Mit der Zeit geht der Tiergarten aber trotzdem: “Wir wollen der digitalste Zoo werden”, sagt Enke, “aber die analoge Umgebung bleibt”. Sprich: Das ganze Areal wird mit Wlan versorgt, aus den Bruthöhlen wird per Video übertragen. Letzteres aber nur in bestimmte Räume, an den Anlagen selbst wird es keine Bewegtbilder geben. Die Besucher sollen sich auf die Umgebung einlassen und nicht von Videos abgelenkt werden.

All das kostet Geld, hinzu kommt die Pandemie, die dem Tiergarten Millionenausfälle beschert hat. Der Tiergarten plant aber nicht, zu expandieren und mehr Besucher anzulocken (wofür große, sehr populäre Projekte nötig wären). Vielmehr wird der Eintrittspreis wohl erhöht werden - bis zu 20 Euro, stellt Encke in Aussicht. Bis wann das realisiert wird, ist aber nicht klar.
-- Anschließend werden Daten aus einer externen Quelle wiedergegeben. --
lemma Kt_eq_0:
  assumes "a \<in> {-1<..<1}" "j < k"
  shows "Kt a j k = 0"
  using poly_inner_gram_schmidt_degree_less[OF pos_weight_omegat[OF assms(1)], of "monom 1 j" k] assms
  by (simp add: Kt_eq_poly_inner poly_inner_commute degree_monom_eq)

lemma Kt_diag:
  assumes "a \<in> {-1<..<1}"
  shows "Kt a k k = poly_inner (omegat a) (gram_schmidt (omegat a) k) (gram_schmidt (omegat a) k)"
  using Kt_eq_poly_inner[OF assms] poly_inner_monom_gram_schmidt[OF pos_weight_omegat[OF assms]]
  by simp

lemma integral_power_mult_Phit:
  "integral {-1..1} (\<lambda>\<mu>. \<mu> ^ j * (c * Phit a k \<mu>)) = c * Kt a j k"
  unfolding Kt_def Phit_def by (simp add: mult_ac)

lemma Pt_residual:
  assumes a: "a \<in> {-1<..<1}" and dP: "degree P \<le> Suc N"
    and g: "\<And>\<mu>. \<mu> \<in> {-1..1} \<Longrightarrow> g \<mu> = omegat a \<mu> * poly P \<mu>"
    and \<mu>: "\<mu> \<in> {-1..1}"
  shows "g \<mu> - Pt a N g \<mu> = coeff P (Suc N) * Phit a (Suc N) \<mu>"
proof -
  define w where "w = omegat a"
  define c where "c = coeff P (Suc N)"
  define R where "R = P - smult c (gram_schmidt w (Suc N))"
  have w: "pos_weight w" unfolding w_def by (rule pos_weight_omegat[OF a])
  then have cw: "continuous_on {-1..1} w" unfolding pos_weight_def by simp
  have phit: "phit a i = gram_schmidt w i" for i
    unfolding w_def by (rule phit_eq_gram_schmidt[OF a])
  have dR: "degree R \<le> N"
  proof (rule degree_le, intro allI impI)
    fix k assume "N < k"
    then show "coeff R k = 0"
      using dP by (cases "k = Suc N") (auto simp: R_def c_def coeff_eq_0)
  qed
  have "integral {-1..1} (\<lambda>\<nu>. g \<nu> * poly (phit a i) \<nu>) = poly_inner w R (gram_schmidt w i)"
    if "i \<le> N" for i
  proof -
    have "integral {-1..1} (\<lambda>\<nu>. g \<nu> * poly (phit a i) \<nu>) = poly_inner w P (gram_schmidt w i)"
      unfolding poly_inner_def phit by (rule integral_cong) (simp add: g w_def mult_ac)
    also have "\<dots> = poly_inner w R (gram_schmidt w i)"
      using gram_schmidt_orthogonal[OF w, of "Suc N" i] that
      by (simp add: R_def poly_inner_diff_left[OF cw] poly_inner_smult_left)
    finally show ?thesis .
  qed
  then have "Pt a N g \<mu> = w \<mu> * poly (\<Sum>i\<le>N. smult (poly_inner w R (gram_schmidt w i) /
      poly_inner w (gram_schmidt w i) (gram_schmidt w i)) (gram_schmidt w i)) \<mu>"
    unfolding Pt_def Phit_def poly_sum sum_distrib_left
    by (intro sum.cong refl) (simp add: Kt_diag[OF a] phit w_def)
  also have "\<dots> = w \<mu> * poly R \<mu>"
    using poly_eq_sum_gram_schmidt[OF w dR] by simp
  finally show ?thesis
    by (simp add: g[OF \<mu>] R_def Phit_def phit w_def c_def algebra_simps)
qed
Sanierung der Lagune wird teuer

Ganz sicher teuer wird die Sanierung der Lagune. In diesem oder nächsten Jahr soll sie begonnen werden, sagt Encke optimistisch, je nach dem Verlauf der Ausschreibungen, die noch anstehen. Drei Jahre Arbeit in drei Bauabschnitten sind veranschlagt. Das hat auch Auswirkungen auf die Zucht - aber ohnehin gibt es aktuell keinen Bullen.

Die Kosten der Sanierung sind schwer zu kalkulieren: Ursprünglich rechnete man mit 6,5 Millionen, dann mit etwa der Hälfte - weil die Lagune doch nicht so baufällig war wie befürchtet. Nun schenkt Encke Wasser in den Wein: Das Projekt wird wohl doch wieder kostspieliger als gedacht: Die sich rasant verteuernden Baustoffkosten wird auch der Tiergarten zu spüren bekommen. Allein die Überdachung von zwei Becken, in die die Delfine während der Bauphase umgesiedelt werden, wird wohl doppelt so teuer wie gedacht.